Goal of the exercise –
Restate word for word the entries below, starting with the line with "using sub I" and continuing through the line with "(m + c * qn) = g". Include both of those lines and no others.

Data records –
::::::

lemma sum_PiE_merge:
  assumes "I \<inter> J = {}"
  shows "(\<Sum>f\<in>PiE (I \<union> J) B. g f) = (\<Sum>y\<in>PiE I B. \<Sum>x\<in>PiE J B. g (merge I J (y, x)))"
proof -
  have "(\<Sum>f\<in>PiE (I \<union> J) B. g f) = (\<Sum>u\<in>PiE I B \<times> PiE J B. g (merge I J u))"
    using sum.reindex_bij_betw[OF bij_betw_merge[OF assms], of g] by simp
  also have "\<dots> = (\<Sum>y\<in>PiE I B. \<Sum>x\<in>PiE J B. g (merge I J (y, x)))"
    by (simp add: sum.cartesian_product split_def)
  finally show ?thesis .
qed

lemma prod_merge:
  fixes y x :: "'i \<Rightarrow> 'a::comm_monoid_mult"
  assumes "I \<inter> J = {}" "finite I" "finite J"
  shows "(\<Prod>i\<in>I \<union> J. merge I J (y, x) i) = (\<Prod>i\<in>I. y i) * (\<Prod>i\<in>J. x i)"
  using assms by (simp add: prod.union_disjoint)

lemma prime_tuple_prod_range:
  fixes t :: "'i \<Rightarrow> nat"
  assumes "t \<in> PiE I (\<lambda>_. P)" and P: "\<And>p. p \<in> P \<Longrightarrow> prime p \<and> p \<le> Nf"
  shows "1 \<le> (\<Prod>i\<in>I. t i)" and "(\<Prod>i\<in>I. t i) \<le> Nf ^ card I"
proof -
  have t: "prime (t i) \<and> t i \<le> Nf" if "i \<in> I" for i
    using P PiE_mem[OF assms(1) that] by blast
  show "1 \<le> (\<Prod>i\<in>I. t i)"
    using t by (intro prod_ge_1) (simp add: Suc_le_eq prime_gt_0_nat)
  have "(\<Prod>i\<in>I. t i) \<le> (\<Prod>i\<in>I. Nf)"
    using t by (intro prod_mono) simp
  then show "(\<Prod>i\<in>I. t i) \<le> Nf ^ card I" by simp
qed

lemma prod_distinct_primes_dvd:
  fixes Q :: "nat set"
  assumes "finite Q" "\<And>p. p \<in> Q \<Longrightarrow> prime p \<and> p dvd v"
  shows "(\<Prod>p\<in>Q. p) dvd v"
  using assms
proof (induction Q rule: finite_induct)
  case empty then show ?case by simp
next
  case (insert a F)
  have "coprime a (\<Prod>p\<in>F. p)"
  proof (rule prime_imp_coprime)
    show "prime a" using insert by auto
    show "\<not> a dvd (\<Prod>p\<in>F. p)"
    proof
      assume "a dvd (\<Prod>p\<in>F. p)"
      then obtain x where "x \<in> F" "a dvd x"
        using insert \<open>prime a\<close> by (auto simp: prime_dvd_prod_iff)
      then have "a = x" using insert by (metis insertCI primes_dvd_imp_eq)
      then show False using insert \<open>x \<in> F\<close> by auto
    qed
  qed
  then show ?case using insert by (simp add: divides_mult)
qed

(* The divisor bound: a number v \<le> N^D has at most 2D distinct prime factors \<ge> N/2, so at
   most (2D)^|I| tuples of such primes have a product dividing v. *)
lemma card_dvd_tuples:
  fixes P :: "nat set" and N :: real and v D :: nat
  assumes P: "\<And>p. p \<in> P \<Longrightarrow> prime p \<and> N / 2 \<le> real p"
    and N4: "N \<ge> 4" and v: "v > 0" "real v \<le> N ^ D" and I: "finite I"
  shows "card {t \<in> PiE I (\<lambda>_. P). (\<Prod>i\<in>I. t i) dvd v} \<le> (2 * D) ^ card I"
proof -
  define Q where "Q = {p\<in>P. p dvd v}"
  have "Q \<subseteq> {..v}" unfolding Q_def using v by (auto dest: dvd_imp_le)
  then have fQ: "finite Q" by (rule finite_subset) simp
  have sub: "{t \<in> PiE I (\<lambda>_. P). (\<Prod>i\<in>I. t i) dvd v} \<subseteq> PiE I (\<lambda>_. Q)"
  proof
    fix t assume "t \<in> {t \<in> PiE I (\<lambda>_. P). (\<Prod>i\<in>I. t i) dvd v}"
    then have tP: "t \<in> PiE I (\<lambda>_. P)" and dv: "(\<Prod>i\<in>I. t i) dvd v" by simp_all
    have "t i \<in> Q" if "i \<in> I" for i
    proof -
      have "t i dvd v" using dvd_prodI[OF I that] dv by (rule dvd_trans)
      then show ?thesis using PiE_mem[OF tP that] unfolding Q_def by simp
    qed
    then show "t \<in> PiE I (\<lambda>_. Q)" using tP by (simp add: PiE_iff)
  qed
  have cQ: "card Q \<le> 2 * D"
  proof (rule ccontr)
    assume "\<not> card Q \<le> 2 * D"
    then have cq: "card Q \<ge> 2 * D + 1" by simp
    have "(\<Prod>p\<in>Q. p) dvd v" using fQ by (intro prod_distinct_primes_dvd) (auto simp: Q_def P)
    then have "(\<Prod>p\<in>Q. p) \<le> v" using v(1) by (rule dvd_imp_le)
    then have le: "(\<Prod>p\<in>Q. real p) \<le> real v" by (simp only: of_nat_prod[symmetric] of_nat_le_iff)
    have "(N/2) ^ card Q = (\<Prod>p\<in>Q. N/2)" by simp
    also have "\<dots> \<le> (\<Prod>p\<in>Q. real p)"
      using N4 P by (intro prod_mono) (fastforce simp: Q_def)+
    finally have Qv: "(N/2) ^ card Q \<le> real v" using le by linarith
    have "(N/2) ^ (2*D+1) \<le> (N/2) ^ card Q"
      using N4 cq by (intro power_increasing) auto
    moreover have "(N/2)^(2*D+1) = ((N/2)^2)^D * (N/2)" by (simp add: power_mult)
    moreover have "N ^ D * 2 \<le> ((N/2)^2)^D * (N/2)"
    proof (rule mult_mono)
      show "N ^ D \<le> ((N/2)^2)^D"
        using N4 by (intro power_mono) (auto simp: power2_eq_square)
    qed (use N4 in auto)
    moreover have "N ^ D > 0" using N4 by simp
    ultimately show False using v(2) Qv by linarith
  qed
  have "card {t \<in> PiE I (\<lambda>_. P). (\<Prod>i\<in>I. t i) dvd v} \<le> card (PiE I (\<lambda>_. Q))"
    using sub I fQ by (intro card_mono finite_PiE) auto
  also have "\<dots> = card Q ^ card I" using I by (simp add: card_PiE)
  also have "\<dots> \<le> (2 * D) ^ card I" using cQ by (intro power_mono) auto
  finally show ?thesis .
qed

lemma card_residue_le:
  fixes qn B c :: nat
  assumes "qn > 0"
  shows "card {v\<in>{1..B}. v mod qn = c} \<le> B div qn + 1"
proof -
  have "inj_on (\<lambda>v. v div qn) {v\<in>{1..B}. v mod qn = c}"
    by (intro inj_onI) (metis (mono_tags, lifting) mem_Collect_eq div_mult_mod_eq)
  moreover have "(\<lambda>v. v div qn) ` {v\<in>{1..B}. v mod qn = c} \<subseteq> {..B div qn}"
    by (auto intro: div_le_mono)
  ultimately have "card {v\<in>{1..B}. v mod qn = c} \<le> card {..B div qn}"
    by (metis card_image card_mono finite_atMost)
  then show ?thesis by simp
qed

lemma periodic_block:
  fixes g :: "nat \<Rightarrow> real"
  assumes per: "\<And>m. g (m + qn) = g m"
  shows "(\<Sum>m<c * qn. g m) = real c * (\<Sum>m<qn. g m)"
proof (induction c)
  case 0 then show ?case by simp
next
  case (Suc c)
  have shift: "g (m + c * qn) = g m" for m
  proof (induction c)
    case (Suc c)
    have "m + Suc c * qn = (m + c * qn) + qn" by simp
    then show ?case using Suc per by metis
  qed simp
  have "(\<Sum>m<Suc c * qn. g m) = (\<Sum>m<c * qn. g m) + (\<Sum>m\<in>{c*qn..<c*qn+qn}. g m)"
    by (simp add: sum.atLeastLessThan_concat[symmetric] lessThan_atLeast0 add.commute)
  also have "(\<Sum>m\<in>{c*qn..<c*qn+qn}. g m) = (\<Sum>m<qn. g (m + c*qn))"
    by (simp add: sum.shift_bounds_nat_ivl[of g 0 "c*qn" qn, simplified] lessThan_atLeast0 add.commute)
  also have "\<dots> = (\<Sum>m<qn. g m)" by (simp add: shift)
  finally show ?case using Suc by (simp add: algebra_simps)
qed

lemma periodic_sum_le:
  fixes g :: "nat \<Rightarrow> real"
  assumes per: "\<And>m. g (m + qn) = g m" and nn: "\<And>m. g m \<ge> 0" and q: "qn > 0"
  shows "(\<Sum>m\<in>{1..M}. g m) \<le> real (M div qn + 1) * (\<Sum>m<qn. g m)"
proof -
  have "M < (M div qn + 1) * qn" using q
    by (metis div_mult_mod_eq add_less_cancel_left mod_less_divisor distrib_right mult_1
        add.commute mult.commute)
  then have "{1..M} \<subseteq> {..<(M div qn + 1) * qn}" by auto
  then have "(\<Sum>m\<in>{1..M}. g m) \<le> (\<Sum>m<(M div qn + 1) * qn. g m)"
    by (intro sum_mono2) (auto simp: nn)
  also have "\<dots> = real (M div qn + 1) * (\<Sum>m<qn. g m)"
    using periodic_block[of g qn] per by blast
  finally show ?thesis .
qed

lemma sum_fiber_le:
  fixes g :: "nat \<Rightarrow> real" and f :: "'z \<Rightarrow> nat"
  assumes "finite Z" "finite S" "f ` Z \<subseteq> S" "\<And>m. g m \<ge> 0"
    and fib: "\<And>m. m \<in> S \<Longrightarrow> card {z\<in>Z. f z = m} \<le> F"
  shows "(\<Sum>z\<in>Z. g (f z)) \<le> real F * (\<Sum>m\<in>S. g m)"
proof -
  have "(\<Sum>z\<in>Z. g (f z)) = (\<Sum>m\<in>f ` Z. \<Sum>z\<in>{z\<in>Z. f z = m}. g (f z))"
    using assms(1) by (rule sum.image_gen)
  also have "\<dots> = (\<Sum>m\<in>f ` Z. real (card {z\<in>Z. f z = m}) * g m)"
    by (intro sum.cong refl) simp
  also have "\<dots> \<le> (\<Sum>m\<in>f ` Z. real F * g m)"
    using assms by (intro sum_mono mult_right_mono) auto
  also have "\<dots> \<le> (\<Sum>m\<in>S. real F * g m)"
    using assms by (intro sum_mono2) auto
  finally show ?thesis by (simp add: sum_distrib_left)
qed

lemma sum_periodic_cauchy_schwarz:
  fixes h :: "nat \<Rightarrow> real" and f :: "'z \<Rightarrow> nat"
  assumes fZ: "finite Z" and range: "f ` Z \<subseteq> {1..M}"
    and fib: "\<And>m. m \<in> {1..M} \<Longrightarrow> card {z\<in>Z. f z = m} \<le> F"
    and per: "\<And>m. h (m + qn) = h m" and q: "qn > 0"
  shows "(\<Sum>z\<in>Z. h (f z))^2 \<le> real (card Z) * real F * real (M div qn + 1) * (\<Sum>m<qn. (h m)^2)"
proof -
  define V0 where "V0 = (\<Sum>m<qn. (h m)^2)"
  have CS: "(\<Sum>z\<in>Z. h (f z))^2 \<le> (\<Sum>z\<in>Z. (h (f z))^2) * real (card Z)"
    by (rule sum_squared_le_sum_of_squares)
  have fibres: "(\<Sum>z\<in>Z. (h (f z))^2) \<le> real F * (\<Sum>m\<in>{1..M}. (h m)^2)"
    by (rule sum_fiber_le[OF fZ _ range _ fib]) auto
  have periods: "(\<Sum>m\<in>{1..M}. (h m)^2) \<le> real (M div qn + 1) * V0"
    unfolding V0_def by (rule periodic_sum_le[OF _ _ q]) (simp_all add: per)
  have "(\<Sum>z\<in>Z. (h (f z))^2) \<le> real F * (real (M div qn + 1) * V0)"
    using fibres periods by (meson order_trans mult_left_mono of_nat_0_le_iff)
  then have "(\<Sum>z\<in>Z. (h (f z))^2) * real (card Z) \<le> real F * (real (M div qn + 1) * V0) * real (card Z)"
    by (rule mult_right_mono) simp
  with CS show ?thesis unfolding V0_def by (simp add: algebra_simps)
qed

definition prod_char_sum :: "int \<Rightarrow> int \<Rightarrow> ('i \<Rightarrow> nat) set \<Rightarrow> 'i set \<Rightarrow> nat \<Rightarrow> complex" where
  "prod_char_sum a q X J m = (\<Sum>x\<in>X. e (real_of_int (int m * int (\<Prod>i\<in>J. x i) * a) / real_of_int q))"

lemma prod_char_sum_periodic:
  fixes qn :: nat
  assumes "qn > 0"
  shows "prod_char_sum a (int qn) X J (m + qn) = prod_char_sum a (int qn) X J m"
  unfolding prod_char_sum_def
proof (intro sum.cong refl)
  fix x
  define u where "u = int (\<Prod>i\<in>J. x i)"
  have "real_of_int (int (m + qn) * u * a) / real_of_int (int qn)
        = real_of_int (int m * u * a) / real_of_int (int qn) + of_int (u * a)"
    using assms by (simp add: field_simps)
  then show "e (real_of_int (int (m + qn) * int (\<Prod>i\<in>J. x i) * a) / real_of_int (int qn)) =
             e (real_of_int (int m * int (\<Prod>i\<in>J. x i) * a) / real_of_int (int qn))"
    unfolding u_def[symmetric] by (simp only: e_add_int)
qed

::::::

Completed task –
    using sub I fQ by (intro card_mono finite_PiE) auto
  also have "\<dots> = card Q ^ card I" using I by (simp add: card_PiE)
  also have "\<dots> \<le> (2 * D) ^ card I" using cQ by (intro power_mono) auto
  finally show ?thesis .
qed

lemma card_residue_le:
  fixes qn B c :: nat
  assumes "qn > 0"
  shows "card {v\<in>{1..B}. v mod qn = c} \<le> B div qn + 1"
proof -
  have "inj_on (\<lambda>v. v div qn) {v\<in>{1..B}. v mod qn = c}"
    by (intro inj_onI) (metis (mono_tags, lifting) mem_Collect_eq div_mult_mod_eq)
  moreover have "(\<lambda>v. v div qn) ` {v\<in>{1..B}. v mod qn = c} \<subseteq> {..B div qn}"
    by (auto intro: div_le_mono)
  ultimately have "card {v\<in>{1..B}. v mod qn = c} \<le> card {..B div qn}"
    by (metis card_image card_mono finite_atMost)
  then show ?thesis by simp
qed

lemma periodic_block:
  fixes g :: "nat \<Rightarrow> real"
  assumes per: "\<And>m. g (m + qn) = g m"
  shows "(\<Sum>m<c * qn. g m) = real c * (\<Sum>m<qn. g m)"
proof (induction c)
  case 0 then show ?case by simp
next
  case (Suc c)
  have shift: "g (m + c * qn) = g m" for m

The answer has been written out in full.